Carlos Ferrero Bonzon, 36
JP Morgan Securities // New York
$545.4 million in assets

How does it feel to receive $400,000 to manage at age 23? Carlos Bonzon began his career cold calling, targeted the largest accounts and immediately landed a $100 million client. A year later, he was managing $100 million himself. How has he successfully handled so much responsibility? "You should see all the hair I've lost!" he smiles. Bonzon, who currently serves 32 families, aims to expand to a maximum of 60. He emphasizes capital preservation for his wealthy client base. "Business owners want their money available whenever they need it," explains Bonzon, whose business is 15% fee-based. That means keeping close watch on cash management, whether in money market accounts, treasury bills or bank deposits. Over the past 13 years, Bonzon's career has taken him from Morgan Stanley in Miami, to Smith Barney in New York, through Lehman Brothers and Barclays, before joining JP Morgan last April.

—Vanessa Drucker

Mario Lamar, 37
JP Morgan Securities // New York
$545.4 million in assets

Mario Lamar services a select group of ultra-high-net-worth families, with typically $50 million or more in assets.

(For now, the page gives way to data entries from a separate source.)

(* Let $\rho$ be a regular ordinal, let $\Gamma$ be a presheaf on $\mathbb{T}$, let $X$ be a family over $\Gamma$ all of whose fibres $X(\mathcal{E},\vartheta,\gamma)$ have cardinality strictly smaller than $\rho$, and let $\varphi$ be a predicate over $(\Gamma.X)\times\mathrm{Clk}$. Then for every object $(\mathcal{E},\vartheta)$ of $\mathbb{T}$ and every $\gamma\in\Gamma(\mathcal{E},\vartheta)$ the following are equivalent: (A) there exists $x\in X(\mathcal{E},\vartheta,\gamma)$ such that for all $\alpha<\rho$, $\star\in\varphi(\mathcal{E}\cup\{\lambda_\mathcal{E}\},\vartheta[\lambda_\mathcal{E}\mapsto\alpha],\iota\cdot\gamma,\iota\cdot x,\lambda_\mathcal{E})$; (B) for all $\alpha<\rho$ there exists $x\in X(\mathcal{E}\cup\{\lambda_\mathcal{E}\},\vartheta[\lambda_\mathcal{E}\mapsto\alpha],\iota\cdot\gamma)$ such that $\star\in\varphi(\mathcal{E}\cup\{\lambda_\mathcal{E}\},\vartheta[\lambda_\mathcal{E}\mapsto\alpha],\iota\cdot\gamma,x,\lambda_\mathcal{E})$. (That is, in the model, $\exists x{:}X.\,\forall\kappa.\,\varphi(x,\kappa)$ equals $\forall\kappa.\,\exists x{:}X.\,\varphi(x,\kappa)$.)
   Context: Fix a limit ordinal $\rho$ (here assumed regular, i.e. equal to its own cofinality) and a countably infinite set of clock names. The category $\mathbb{T}$ has objects pairs $(\mathcal{E},\vartheta)$ with $\mathcal{E}$ a finite set of clock names and $\vartheta:\mathcal{E}\to\rho$; a morphism $(\mathcal{E},\vartheta)\to(\mathcal{E}',\vartheta')$ is a function $\sigma:\mathcal{E}\to\mathcal{E}'$ with $\vartheta'\circ\sigma\le\vartheta$ pointwise. A presheaf on $\mathbb{T}$ is a covariant functor $\mathbb{T}\to\mathsf{Set}$; write $\sigma\cdot x$ for the action of $\sigma$. $\mathrm{Clk}$ is the presheaf $\mathrm{Clk}(\mathcal{E},\vartheta)=\mathcal{E}$ with $\sigma\cdot\lambda=\sigma(\lambda)$. For a presheaf $\Gamma$, $\int\Gamma$ is its category of elements, with objects $(\mathcal{E},\vartheta,\gamma)$; a presheaf $X$ over $\int\Gamma$ is a covariant functor $\int\Gamma\to\mathsf{Set}$ with fibres $X(\mathcal{E},\vartheta,\gamma)$ and maps $\sigma\cdot(-)$. $X$ is invariant under clock introduction if for all $(\mathcal{E},\vartheta)$, $\gamma$, clock names $\lambda\notin\mathcal{E}$ and $\alpha<\rho$, the map $\iota\cdot(-): X(\mathcal{E},\vartheta,\gamma)\to X(\mathcal{E}\cup\{\lambda\},\vartheta[\lambda\mapsto\alpha],\iota\cdot\gamma)$ induced by the inclusion $\iota:\mathcal{E}\to\mathcal{E}\cup\{\lambda\}$ is a bijection. A family over $\Gamma$ is a presheaf over $\int\Gamma$ invariant under clock introduction; a predicate is a family all of whose fibres are subsets of $\{\star\}$. The comprehension $\Gamma.X$ is the presheaf $(\Gamma.X)(\mathcal{E},\vartheta)=\{(\gamma,x)\mid\gamma\in\Gamma(\mathcal{E},\vartheta), x\in X(\mathcal{E},\vartheta,\gamma)\}$; thus a predicate $\varphi$ over $(\Gamma.X)\times\mathrm{Clk}$ has fibres $\varphi(\mathcal{E},\vartheta,\gamma,x,\lambda)\subseteq\{\star\}$ for $\lambda\in\mathcal{E}$. A function assigning to each finite set $\mathcal{E}$ of clock names a clock name $\lambda_\mathcal{E}\notin\mathcal{E}$ is fixed, and $\iota$ denotes the inclusion $\mathcal{E}\to\mathcal{E}\cup\{\lambda_\mathcal{E}\}$, viewed as a morphism $(\mathcal{E},\vartheta)\to(\mathcal{E}\cup\{\lambda_\mathcal{E}\},\vartheta[\lambda_\mathcal{E}\mapsto\alpha])$. *)

theory Defs
  imports Main "HOL-Library.FuncSet" "HOL-Library.Countable"
begin

text \<open>The regular limit ordinal rho is represented by a well-ordered type 'o:
  the ordinals alpha < rho are exactly the elements of 'o.\<close>

definition limit_ord :: "'o::wellorder itself \<Rightarrow> bool" where
  "limit_ord _ \<longleftrightarrow> (\<forall>a::'o. \<exists>b. a < b)"

text \<open>Regular: rho equals its own cofinality, i.e. every cofinal subset of rho has
  order type rho (it is not order-isomorphic to a proper initial segment).\<close>
definition regular_ord :: "'o::wellorder itself \<Rightarrow> bool" where
  "regular_ord _ \<longleftrightarrow>
     (\<forall>S::'o set. (\<forall>a. \<exists>s\<in>S. a \<le> s) \<longrightarrow>
        \<not> (\<exists>(\<alpha>::'o) (f::'o \<Rightarrow> 'o). strict_mono_on {\<beta>. \<beta> < \<alpha>} f \<and> f ` {\<beta>. \<beta> < \<alpha>} = S))"

text \<open>An object (E, theta) is represented by a partial map theta with finite domain E.\<close>
definition tobj :: "('c \<rightharpoonup> 'o) \<Rightarrow> bool" where
  "tobj \<theta> \<longleftrightarrow> finite (dom \<theta>)"

definition thom :: "('c \<rightharpoonup> 'o::order) \<Rightarrow> ('c \<rightharpoonup> 'o) \<Rightarrow> ('c \<Rightarrow> 'c) \<Rightarrow> bool" where
  "thom \<theta> \<theta>' \<sigma> \<longleftrightarrow> \<sigma> \<in> dom \<theta> \<rightarrow>\<^sub>E dom \<theta>' \<and>
     (\<forall>c\<in>dom \<theta>. the (\<theta>' (\<sigma> c)) \<le> the (\<theta> c))"

definition tid :: "('c \<rightharpoonup> 'o) \<Rightarrow> ('c \<Rightarrow> 'c)" where
  "tid \<theta> = restrict id (dom \<theta>)"

definition tcomp :: "('c \<rightharpoonup> 'o) \<Rightarrow> ('c \<Rightarrow> 'c) \<Rightarrow> ('c \<Rightarrow> 'c) \<Rightarrow> ('c \<Rightarrow> 'c)" where
  "tcomp \<theta> \<tau> \<sigma> = restrict (\<tau> \<circ> \<sigma>) (dom \<theta>)"

text \<open>A presheaf (covariant functor T -> Set): fibres F theta and action
  act theta theta' sigma for sigma : theta -> theta'.\<close>
definition presheaf ::
  "(('c \<rightharpoonup> 'o::order) \<Rightarrow> 'a set) \<Rightarrow> (('c \<rightharpoonup> 'o) \<Rightarrow> ('c \<rightharpoonup> 'o) \<Rightarrow> ('c \<Rightarrow> 'c) \<Rightarrow> 'a \<Rightarrow> 'a) \<Rightarrow> bool" where
  "presheaf F act \<longleftrightarrow>
     (\<forall>\<theta> \<theta>' \<sigma> a. tobj \<theta> \<and> tobj \<theta>' \<and> thom \<theta> \<theta>' \<sigma> \<and> a \<in> F \<theta> \<longrightarrow> act \<theta> \<theta>' \<sigma> a \<in> F \<theta>') \<and>
     (\<forall>\<theta> a. tobj \<theta> \<and> a \<in> F \<theta> \<longrightarrow> act \<theta> \<theta> (tid \<theta>) a = a) \<and>
     (\<forall>\<theta> \<theta>' \<theta>'' \<sigma> \<tau> a. tobj \<theta> \<and> tobj \<theta>' \<and> tobj \<theta>'' \<and> thom \<theta> \<theta>' \<sigma> \<and> thom \<theta>' \<theta>'' \<tau> \<and> a \<in> F \<theta>
        \<longrightarrow> act \<theta> \<theta>'' (tcomp \<theta> \<tau> \<sigma>) a = act \<theta>' \<theta>'' \<tau> (act \<theta> \<theta>' \<sigma> a))"

text \<open>A presheaf over the category of elements of (G, Gact): fibres X theta g and
  action Xact theta theta' sigma g : X theta g -> X theta' (Gact theta theta' sigma g).\<close>
definition presheaf_over ::
  "(('c \<rightharpoonup> 'o::order) \<Rightarrow> 'g set) \<Rightarrow> (('c \<rightharpoonup> 'o) \<Rightarrow> ('c \<rightharpoonup> 'o) \<Rightarrow> ('c \<Rightarrow> 'c) \<Rightarrow> 'g \<Rightarrow> 'g) \<Rightarrow>
   (('c \<rightharpoonup> 'o) \<Rightarrow> 'g \<Rightarrow> 'x set) \<Rightarrow> (('c \<rightharpoonup> 'o) \<Rightarrow> ('c \<rightharpoonup> 'o) \<Rightarrow> ('c \<Rightarrow> 'c) \<Rightarrow> 'g \<Rightarrow> 'x \<Rightarrow> 'x) \<Rightarrow> bool" where
  "presheaf_over G Gact X Xact \<longleftrightarrow>
     (\<forall>\<theta> \<theta>' \<sigma> g x. tobj \<theta> \<and> tobj \<theta>' \<and> thom \<theta> \<theta>' \<sigma> \<and> g \<in> G \<theta> \<and> x \<in> X \<theta> g
        \<longrightarrow> Xact \<theta> \<theta>' \<sigma> g x \<in> X \<theta>' (Gact \<theta> \<theta>' \<sigma> g)) \<and>
     (\<forall>\<theta> g x. tobj \<theta> \<and> g \<in> G \<theta> \<and> x \<in> X \<theta> g \<longrightarrow> Xact \<theta> \<theta> (tid \<theta>) g x = x) \<and>
     (\<forall>\<theta> \<theta>' \<theta>'' \<sigma> \<tau> g x. tobj \<theta> \<and> tobj \<theta>' \<and> tobj \<theta>'' \<and> thom \<theta> \<theta>' \<sigma> \<and> thom \<theta>' \<theta>'' \<tau>
        \<and> g \<in> G \<theta> \<and> x \<in> X \<theta> g
        \<longrightarrow> Xact \<theta> \<theta>'' (tcomp \<theta> \<tau> \<sigma>) g x = Xact \<theta>' \<theta>'' \<tau> (Gact \<theta> \<theta>' \<sigma> g) (Xact \<theta> \<theta>' \<sigma> g x))"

Frequently, he will start a relationship by concentrating on a relatively small mandate, such as $3 million to $5 million. After demonstrating his abilities, he is likely to receive 50% of more of a client's assets to manage. One reward for looking after such a high-powered group is exposure to the expertise of his clients, like private equity financing, hedge funds and real estate owner operators. In the course of attending to their financial needs, Lamar has improved his knowledge of real estate investments in commercial, multifamily and industrial sectors. His overriding theme is capital preservation. So Lamar, whose business is 15% fee-based, takes a conservative approach, focusing on cash flow, and seeks out yield-oriented investments, including master limited partnerships and municipal bonds.

 —Vanessa Drucker

John Handley, 38
Wells Fargo Advisors // Victoria, Texas
$537.1 million in assets

In the small city of Victoria, Texas, population64,000,there's one man whose recipe for success has only three ingredients: do what's best, do your best and stay in the same place. "There's no secret sauce," says John Handley, who works primarily with Fortune 500 firms, handling their equity programs. His revenues are up about $1.6 million this year, because he's well known in his community. "I continue to have a good reputation in town. It's just me and there's a sense of continuity." In fact, when he "hit the 10 year mark in the business, instead of me calling people, people were now calling me."

 —Judith Schoolman

Eric Bickler, 36
UBS // White Plains, N.Y.
$530.4 million in assets

Eric Bickler credits his success over to "understanding the client on Day 1 from the profiling." Then comes the implementation phase, in which he builds a portfolio. "We don't do anything very exotic." About 60% of his business is fee-based, and he has two specialties: managing the restricted stock and stock options for corporations and senior executives.

— Elizabeth Wine

Richard Corcoran, 36
Morgan Stanley PWM // Penn.
$526 million in assets

Richard Corcoran has this bit of wisdom for new advisors: "I was taught growing up that you focus on your clients' interests first and foremost every single day. If you deliver than good things will come." So far it has for Corcoran, who started as an investment analyst before joining Morgan Stanley. "I have an awful lot of history with our clients," he says.